Crystal structure of apo L170C and mercury bound L170C. (A) Main chain overlay of the apo (gray) and Hg-complex (blue) with an RMSD of 0.27 Å. Bound mercury atoms are displayed as spheres with a van der Waals radius of 1.10 Å. (B) Cartoon representation of L170C. Transmembrane helices are labeled M1-M8 and the interior surface of the channel is drawn as a green surface. The black square denotes the area of interest depicted in panel C. (C) Structure of the blocked channel. Amino acids classically involved with water binding in AQPs are shown as sticks and with 2F_o-F_{c -} electron density mapped contoured at 1.2 σ drawn in blue. Mercury are shown as spheres. Superposition of mercury atoms from the T183C structure are shown as magenta crosses. In this orientation it can be seen that all three mercury atoms sterically block the pore (green surface).

Figure 5

Mercury blocks the monomer channel. While AQPs are tetramers in the membrane, the monomer is the functional unit.
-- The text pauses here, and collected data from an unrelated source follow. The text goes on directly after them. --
(* Let $R$ be a commutative multiplicative hyperring with identity, let $\alpha$ be a good endomorphism of $R$, and let $I$ be an $\alpha$-prime hyperideal of $R$. Then the prime radical $\sqrt{I}$ is an $\alpha$-prime hyperideal of $R$.
   Context: A multiplicative hyperring is an abelian group $(R,+)$ with a hyperoperation $\circ:R\times R\to \mathcal P^*(R)$ (nonempty subsets) such that $a\circ(b\circ c)=(a\circ b)\circ c$, $a\circ(b+c)\subseteq a\circ b+a\circ c$, $(b+c)\circ a\subseteq b\circ a+c\circ a$, and $a\circ(-b)=(-a)\circ b=-(a\circ b)$. Products of subsets are unions of elementwise products. Commutative means $a\circ b=b\circ a$. An identity $1$ satisfies $a\in1\circ a$ for all $a$. A hyperideal is a nonempty $I\subseteq R$ closed under subtraction with $r\circ x\subseteq I$ for $r\in R$, $x\in I$. Standing assumption: every hyperideal is a $\mathbf C$-hyperideal, i.e. for every finite product $A=r_1\circ\cdots\circ r_n$, $A\cap I\neq\emptyset$ implies $A\subseteq I$. A prime hyperideal is a proper hyperideal $P$ with $x\circ y\subseteq P\Rightarrow x\in P$ or $y\in P$. The prime radical $\sqrt I$ is the intersection of all prime hyperideals containing $I$, and equals $R$ if there are none. For $\mathbf C$-hyperideals, $\sqrt I=\{r: r^n\subseteq I \text{ for some } n\in\mathbb N\}$, where $r^n=r\circ\cdots\circ r$ ($n$ factors). A good endomorphism $\alpha$ satisfies $\alpha(x+y)=\alpha(x)+\alpha(y)$ and $\alpha(x\circ y)=\alpha(x)\circ\alpha(y)$. A hyperideal $I$ is $\alpha$-prime if for all $x,y$, $x\circ y\subseteq I$ implies $x\in I$ or $\alpha(y)\in I$. *)

theory Defs
  imports Main
begin

text \<open>A multiplicative hyperring: the additive abelian group is the type 'a itself
  (class ab_group_add), the hyperoperation is M :: 'a => 'a => 'a set.\<close>

definition setmult :: "('a \<Rightarrow> 'a \<Rightarrow> 'a set) \<Rightarrow> 'a set \<Rightarrow> 'a set \<Rightarrow> 'a set" where
  "setmult M A B = (\<Union>a\<in>A. \<Union>b\<in>B. M a b)"

definition setplus :: "'a::plus set \<Rightarrow> 'a set \<Rightarrow> 'a set" where
  "setplus A B = {a + b | a b. a \<in> A \<and> b \<in> B}"
(* Let $p,q\in[1,\infty)$. Without the Objectivity Assumption, the $L(p,q)$-aggregation method is not continuous as a function of the score vectors: there exist data (reviewers, papers, score vectors and recommendations satisfying the standing assumptions) such that, keeping all recommendations fixed, the map sending the score vectors $(\bar x_{ia})_{i,a}$ to the solution vector $(s_a)_{a\in\mathcal P}$ is discontinuous at these score vectors.
   Context: Peer-review setting: a finite set $\mathcal{R}$ of reviewers, a finite set $\mathcal{P}$ of papers, and $d\ge1$ criteria. Every reviewer $i$ reviews every paper $a$, giving a score vector $\bar{x}_{ia}\in[0,10]^d$ and a recommendation $y_{ia}\in[0,10]$. A function $h:[0,10]^d\to[0,10]$ is monotonic if $\bar x\le\bar y$ componentwise implies $h(\bar x)\le h(\bar y)$. Standing assumption: each reviewer $i$ has a monotonic $h_i$ with $y_{ia}=h_i(\bar x_{ia})$ for all $a$. Score vectors of different reviewers for the same paper may differ (no Objectivity Assumption). The $L(p,q)$-aggregation method: (1) ERM step: find a monotonic $\hat h$ minimizing $\big[\sum_{i\in\mathcal{R}}\big(\sum_{a\in\mathcal{P}}|y_{ia}-h(\bar x_{ia})|^p\big)^{q/p}\big]^{1/q}$ over monotonic $h$ (only the values $h(\bar x_{ia})$ matter); among minimizers the value vector $(\hat h(\bar x_{ia}))_{i,a}$ of smallest Euclidean norm is chosen; set $\hat y_{ia}=\hat h(\bar x_{ia})$. (2) Aggregation step: the solution $(s_a)_{a\in\mathcal P}$ minimizes $\big[\sum_{i}\big(\sum_{a}|\hat y_{ia}-s_a|^p\big)^{q/p}\big]^{1/q}$ (ties broken by smallest Euclidean norm). *)

theory Defs
  imports Complex_Main
begin

text \<open>Reviewers are indexed by i < m, papers by a < n, criteria by k < d.
  A score vector is a function nat => real whose relevant components are those k < d.\<close>

definition score_box :: "nat \<Rightarrow> (nat \<Rightarrow> real) set" where
  "score_box d = {u. \<forall>k<d. 0 \<le> u k \<and> u k \<le> 10}"

definition monotonic_fn :: "nat \<Rightarrow> ((nat \<Rightarrow> real) \<Rightarrow> real) \<Rightarrow> bool" where
  "monotonic_fn d h \<longleftrightarrow>
     (\<forall>u\<in>score_box d. 0 \<le> h u \<and> h u \<le> 10) \<and>
     (\<forall>u\<in>score_box d. \<forall>v\<in>score_box d. (\<forall>k<d. u k \<le> v k) \<longrightarrow> h u \<le> h v)"

definition Lpq_loss :: "real \<Rightarrow> real \<Rightarrow> nat \<Rightarrow> nat \<Rightarrow>
    (nat \<Rightarrow> nat \<Rightarrow> real) \<Rightarrow> (nat \<Rightarrow> nat \<Rightarrow> real) \<Rightarrow> real" where
  "Lpq_loss p q m n y v =
     (\<Sum>i<m. (\<Sum>a<n. \<bar>y i a - v i a\<bar> powr p) powr (q / p)) powr (1 / q)"
lemma euler_coefficient_eq_mu:
  "4 * (of_nat p * X - X) + 2 * of_nat m * X = cst (2 * mu m p) * (X::cpoly)"
  by (rule poly_mapping_eqI)
    (simp only: mult.assoc[of 2] lookup_linear, simp add: mu_def algebra_simps)

lemma bihom_C_explicit:
  assumes Y: "bihom m p q Y"
  shows "bihom m (p + 1) (q + 1) (C_explicit m p q Y)"
proof -
  have "bihom m (p + 1) (q + 1) (normx2 m * u_dx m Y)"
    using Y by (intro bihom_normx2_mult_pred bihom_u_dx) (auto simp: u_dx_eq_0)
  moreover have "bihom m (p + 1) (q + 1) (normu2 m * x_du m Y)"
    using Y by (intro bihom_normu2_mult_pred bihom_x_du) (auto simp: x_du_eq_0)
  moreover have "bihom m (p - 1) (q + 1) (normu2 m * du_dx m Y)"
    using Y by (intro bihom_normu2_mult_pred bihom_du_dx) (auto simp: du_dx_eq_0)
  then have "bihom m (p + 1) (q + 1) (normx2 m * (normu2 m * du_dx m Y))"
    using Y by (intro bihom_normx2_mult_pred) (auto simp: du_dx_eq_0)
  ultimately show ?thesis
    unfolding C_explicit_def using Y
    by (intro bihom_add bihom_diff bihom_cst_mult bihom_ux_mult)
qed

lemma bihom_S_explicit:
  assumes "bihom m p q Y"
  shows "bihom m (p - 1) (q + 1) (S_explicit m q Y)"
  unfolding S_explicit_def using assms
  by (intro bihom_diff bihom_cst_mult bihom_u_dx bihom_normu2_mult_pred bihom_du_dx)
    (auto simp: du_dx_eq_0)

context
  fixes m :: nat
  assumes m_gt_2: "2 < m"
begin

lemma mu_nonzero: "mu m n \<noteq> 0"
proof -
  have "of_nat (m + 2 * n - 2) = mu m n"
    using m_gt_2 by (simp add: mu_def of_nat_diff)
  moreover have "(of_nat (m + 2 * n - 2) :: complex) \<noteq> 0"
    using m_gt_2 by (simp only: of_nat_eq_0_iff)
  ultimately show ?thesis
    by metis
qed

context
  fixes p q :: nat and Y :: cpoly
  assumes Y: "bihom m p q Y" "harm m Y"
begin

lemma lap_ux_mult_harm:
  "lap_x m (ux m * Y) = u_dx m Y + u_dx m Y" "lap_u m (ux m * Y) = x_du m Y + x_du m Y"
  using Y m_gt_2 by (simp_all add: lap_x_ux_mult lap_u_ux_mult harm_def)

lemma lap_u_dx_harm: "lap_x m (u_dx m Y) = 0" "lap_u m (u_dx m Y) = du_dx m Y + du_dx m Y"
  using Y m_gt_2 by (simp_all add: lap_x_u_dx lap_u_u_dx harm_def ops_linear)

lemma lap_x_du_harm: "lap_x m (x_du m Y) = du_dx m Y + du_dx m Y" "lap_u m (x_du m Y) = 0"
  using Y m_gt_2 by (simp_all add: lap_x_x_du lap_u_x_du harm_def ops_linear)

lemma harm_du_dx: "harm m (du_dx m Y)"
  using Y m_gt_2 by (simp add: harm_def lap_x_du_dx lap_u_du_dx ops_linear)

lemma lap_x_normx2_u_dx: "lap_x m (normx2 m * u_dx m Y) = cst (2 * mu m p) * u_dx m Y"
proof -
  have "lap_x m (normx2 m * u_dx m Y) = 4 * (of_nat p * u_dx m Y - u_dx m Y)
      + 2 * of_nat m * u_dx m Y"
    using Y m_gt_2 lap_u_dx_harm
    by (simp add: lap_x_normx2_mult euler_x_u_dx euler_x_bihom ops_linear)
  then show ?thesis
    by (simp only: euler_coefficient_eq_mu)
qed

lemma lap_u_normu2_x_du: "lap_u m (normu2 m * x_du m Y) = cst (2 * mu m q) * x_du m Y"
proof -
  have "lap_u m (normu2 m * x_du m Y) = 4 * (of_nat q * x_du m Y - x_du m Y)
      + 2 * of_nat m * x_du m Y"
    using Y m_gt_2 lap_x_du_harm
    by (simp add: lap_u_normu2_mult euler_u_x_du euler_u_bihom ops_linear)
  then show ?thesis
    by (simp only: euler_coefficient_eq_mu)
qed

lemma lap_x_normx2_du_dx: "lap_x m (normx2 m * du_dx m Y) = cst (2 * mu m p) * du_dx m Y"
proof -
  have "lap_x m (normx2 m * du_dx m Y) = 4 * (of_nat p * du_dx m Y - du_dx m Y)
      + 2 * of_nat m * du_dx m Y"
    using Y m_gt_2 harm_du_dx
    by (simp add: lap_x_normx2_mult euler_x_du_dx euler_x_bihom ops_linear harm_def)
  then show ?thesis
    by (simp only: euler_coefficient_eq_mu)
qed

lemma lap_u_normu2_du_dx: "lap_u m (normu2 m * du_dx m Y) = cst (2 * mu m q) * du_dx m Y"
proof -
  have "lap_u m (normu2 m * du_dx m Y) = 4 * (of_nat q * du_dx m Y - du_dx m Y)
      + 2 * of_nat m * du_dx m Y"
    using Y m_gt_2 harm_du_dx
    by (simp add: lap_u_normu2_mult euler_u_du_dx euler_u_bihom ops_linear harm_def)
  then show ?thesis
    by (simp only: euler_coefficient_eq_mu)
qed

lemma lap_x_normx2_normu2_du_dx:
  "lap_x m (normx2 m * (normu2 m * du_dx m Y)) = cst (2 * mu m p) * (normu2 m * du_dx m Y)"
proof -
  have "lap_x m (normx2 m * (normu2 m * du_dx m Y))
      = 4 * (of_nat p * (normu2 m * du_dx m Y) - normu2 m * du_dx m Y)
      + 2 * of_nat m * (normu2 m * du_dx m Y)"
    using Y m_gt_2 harm_du_dx
    by (simp add: lap_x_normx2_mult lap_x_normu2_mult euler_x_normu2_mult euler_x_du_dx
      euler_x_bihom
        ops_linear harm_def) (simp add: algebra_simps)
  then show ?thesis
    by (simp only: euler_coefficient_eq_mu)
qed

lemma lap_u_normx2_normu2_du_dx:
  "lap_u m (normx2 m * (normu2 m * du_dx m Y)) = cst (2 * mu m q) * (normx2 m * du_dx m Y)"
  using m_gt_2 by (simp add: lap_u_normx2_mult lap_u_normu2_du_dx)

lemma lap_x_normu2_x_du:
  "lap_x m (normu2 m * x_du m Y) = normu2 m * du_dx m Y + normu2 m * du_dx m Y"
  using m_gt_2 by (simp add: lap_x_normu2_mult lap_x_du_harm distrib_left)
By imposing crystal symmetry on both the apo (grey) and complex structures (blue), T183C is drawn as a tetramer in cartoon representation. Mercury-Hg1, with its proper van der Waals radius, is drawn as a sphere blocking the channel. Note there is almost no structural change to the tetrameric axis.

Figure 6

Mercury disorder in electron density maps. (A) F_o-F_c electron density map (green) of mercury bound T183C structure contoured at 4 σ. (B) F_o-F_c electron density map (green) of mercury bound L170C structure contoured at 4 σ. (C) 2F_o-F_c omit electron density map solved with the first 45 frames of data (blue) and the entire dataset (orange). Both maps are contoured at 1.2 σ around the three mercury atoms.